Nigeria, esplosioni a Maiduguri: 23 morti e 108 feriti
Si tratterebbe di attacchi suicidi avvenuti nel nord-est della Nigeria. In precedenza si era verificato un attentato a un posto di blocco
Tre presunti attentati suicidi hanno causato la morte di almeno 23 persone e il ferimento di altre 108 nel nord-est della Nigeria, secondo quanto riferito dalla polizia locale. Si tratta di uno degli attacchi più letali degli ultimi tempi contro la città di Maiduguri.
Esplosioni erano state segnalate lunedì sera a Maiduguri, la capitale dello Stato di Borno, in luoghi affollati, tra questi un importante mercato e l'ingresso dell'ospedale universitario.
I feriti avrebbero riportato lesioni di varia entità, ha dichiarato in un comunicato il portavoce della polizia di Borno, Nahum Kenneth Daso, che ha attribuito la responsabilità degli attacchi a presunti attentatori suicidi.
Il presidente Bola Tinubu, partito oggi per una visita di Stato di due giorni nel Regno Unito, ha espresso le sue condoglianze alle famiglie delle vittime e ha ordinato ai capi della sicurezza di “prendere in mano la situazione” a Maiduguri.
“Gli attacchi di lunedì sono stati atti disperati di gruppi terroristici malvagi”, ha detto Tinubu. “Le nostre valorose task force militari e civili li respingeranno e li neutralizzeranno”. Nessun gruppo ha rivendicato finora la responsabilità degli attacchi, ma i sospetti cadono sul gruppo jihadista Boko Haram, che nel 2009 ha lanciato un'insurrezione nel nord-est della Nigeria per imporre la propria interpretazione radicale della Sharia, o legge islamica.
Da allora Boko Haram si è rafforzato, contando migliaia di combattenti e diverse fazioni, tra cui la Provincia dell'Africa Occidentale dello Stato Islamico, sostenuta dal gruppo dello Stato Islamico.

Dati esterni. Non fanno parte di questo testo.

lemma Trbar_Rbar_transfer: "Trbar N z = \<beta>\<^sub>l / \<beta>\<^sub>r * Trbar M z" "Rbar N z = \<alpha>\<^sub>r / \<beta>\<^sub>r * Rbar M z"
proof -
  let ?X = "phibar M z"
  have X: "solves M z ?X" "(nfst z ?X \<longlongrightarrow> 0) at_bot" "(nsnd z ?X \<longlongrightarrow> 1) at_bot"
    using jost by (simp_all add: has_jost_solutions_def is_phibar_iff[OF norm_z])
  obtain a b where ab: "(nfst z ?X \<longlongrightarrow> a) at_top" "(nsnd z ?X \<longlongrightarrow> b) at_top"
    using limits_exist(1) X(1) unfolding normalized_limits_exist_def by blast
  have "phibar N z = rescaled (1 / \<beta>\<^sub>l) ?X"
    using rescaled_limits(2)[OF X, of "1 / \<beta>\<^sub>l"] solves_rescaled[OF X(1)] nonzero
    by (intro phibar_eqI[OF norm_z determined_target(2)]) (simp add: is_phibar_iff[OF norm_z])
  then have "Lim at_top (nfst z (phibar N z)) = \<alpha>\<^sub>r * a / \<beta>\<^sub>l"
    and "Lim at_top (nsnd z (phibar N z)) = \<beta>\<^sub>r * b / \<beta>\<^sub>l"
    using rescaled_limits(1)[OF X(1) ab, of "1 / \<beta>\<^sub>l"] by (simp_all add: Lim_at_top_eqI)
  moreover have "Lim at_top (nfst z ?X) = a" and "Lim at_top (nsnd z ?X) = b"
    using ab by (simp_all add: Lim_at_top_eqI)
  ultimately show "Trbar N z = \<beta>\<^sub>l / \<beta>\<^sub>r * Trbar M z" "Rbar N z = \<alpha>\<^sub>r / \<beta>\<^sub>r * Rbar M z"
    using nonzero by (simp_all add: scattering_coefficients_normalized)
qed

end

context
  fixes M N :: sys and z :: complex and s :: int
    and g h :: "int \<Rightarrow> complex \<times> complex \<Rightarrow> complex \<times> complex"
  assumes intertwine: "\<And>n v. g n (sys_step M z (n + s) v) = sys_step N z n (g (n + 1) v)"
    and left_inverse: "\<And>n v. h n (g n v) = v" and right_inverse: "\<And>n v. g n (h n v) = v"
begin

lemma solves_gauge_transform:
  assumes "solves M z X"
  shows "solves N z (\<lambda>n. g n (X (n + s)))"
  unfolding solves_iff_sys_step
proof
  fix n
  have "X (n + s) = sys_step M z (n + s) (X (n + s + 1))"
    using assms unfolding solves_iff_sys_step by blast
  moreover have "n + s + 1 = n + 1 + s"
    by simp
  ultimately show "g n (X (n + s)) = sys_step N z n (g (n + 1) (X (n + 1 + s)))"
    by (simp add: intertwine)
qed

La prima esplosione è stata registrata intorno alle 19:30 all'ingresso dell'ospedale universitario, mentre la seconda e la terza sono seguite pochi minuti dopo al famoso mercato del lunedì e al vicino centro commerciale dell'ufficio postale, entrambi situati a circa 4 chilometri dall'ospedale.
I testimoni hanno raccontato il caos che ne è seguito sul posto e negli ospedali, mentre le forze di sicurezza e i servizi di emergenza intervenivano rapidamente.
Maiduguri è stata in passato al centro di violenze mortali in Nigeria, ma negli ultimi anni ha vissuto una relativa pace, anche se le campagne sono spesso martoriate dagli estremisti.
L'attacco è avvenuto meno di 24 ore dopo che l'esercito nigeriano ha respinto gli attacchi dei militanti alla periferia di Maiduguri, in quello che secondo alcuni residenti potrebbe essere stato pianificato come diversivo.
Martedì mattina, nelle zone colpite e lungo le principali strade della città era in atto un massiccio dispiegamento di forze di sicurezza. Molti luoghi pubblici sono rimasti chiusi a causa dell’accresciuto clima di paura.
“Sono in corso indagini per accertare ulteriormente le circostanze relative agli incidenti e assicurare i responsabili alla giustizia”, ha dichiarato il comando di polizia di Borno.
Nelle ultime settimane gli estremisti hanno intensificato i loro attacchi contro le basi militari nigeriane, uccidendo diversi ufficiali di alto rango e soldati e saccheggiando le scorte delle basi.